Check each line of the records below for the word "auto" and give the number of lines that have it, with nothing added.

-------------------------

lemma known_changes_Suc:
  "known_changes c (Suc t) x n \<noteq> None \<longleftrightarrow>
     n \<in> cube \<and> global N f c (x + n) \<noteq> c (x + n) \<and>
     (n = 0 \<or> (\<exists>e\<in>VN. known_changes c t (x + e) (n - e) \<noteq> None))"
proof
  assume "known_changes c (Suc t) x n \<noteq> None"
  then have n: "n \<in> cube" "l1_norm n \<le> int t" "global N f c (x + n) \<noteq> c (x + n)"
    unfolding known_changes_def by (auto split: if_splits)
  have "\<exists>e\<in>VN. known_changes c t (x + e) (n - e) \<noteq> None" if nonzero: "n \<noteq> 0"
  proof -
    obtain e where e: "e \<in> VN" "\<And>i. \<bar>(n - e) $ i\<bar> \<le> \<bar>n $ i\<bar>" "l1_norm (n - e) = l1_norm n - 1"
      using VN_step_to_origin[OF nonzero] by blast
    have "\<bar>(n - e) $ i\<bar> \<le> radius" for i
      using order_trans[OF e(2)[of i]] n(1) unfolding cube_def by blast
    then have "n - e \<in> cube"
      unfolding cube_def by blast
    then have "known_changes c t (x + e) (n - e) \<noteq> None"
      unfolding known_changes_shift using e(3) n by simp
    with e(1) show ?thesis
      by blast
  qed
  with n show "n \<in> cube \<and> global N f c (x + n) \<noteq> c (x + n) \<and>
      (n = 0 \<or> (\<exists>e\<in>VN. known_changes c t (x + e) (n - e) \<noteq> None))"
    by blast
next
  assume n: "n \<in> cube \<and> global N f c (x + n) \<noteq> c (x + n) \<and>
      (n = 0 \<or> (\<exists>e\<in>VN. known_changes c t (x + e) (n - e) \<noteq> None))"
  have "l1_norm n < int (Suc t)" if "e \<in> VN" "known_changes c t (x + e) (n - e) \<noteq> None" for e
    using that l1_norm_le_VN_diff[of e n] unfolding known_changes_shift by simp
  with n show "known_changes c (Suc t) x n \<noteq> None"
    unfolding known_changes_def by auto
qed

-------------------------

- **RESPONSE TO THIS EXERCISE**: 2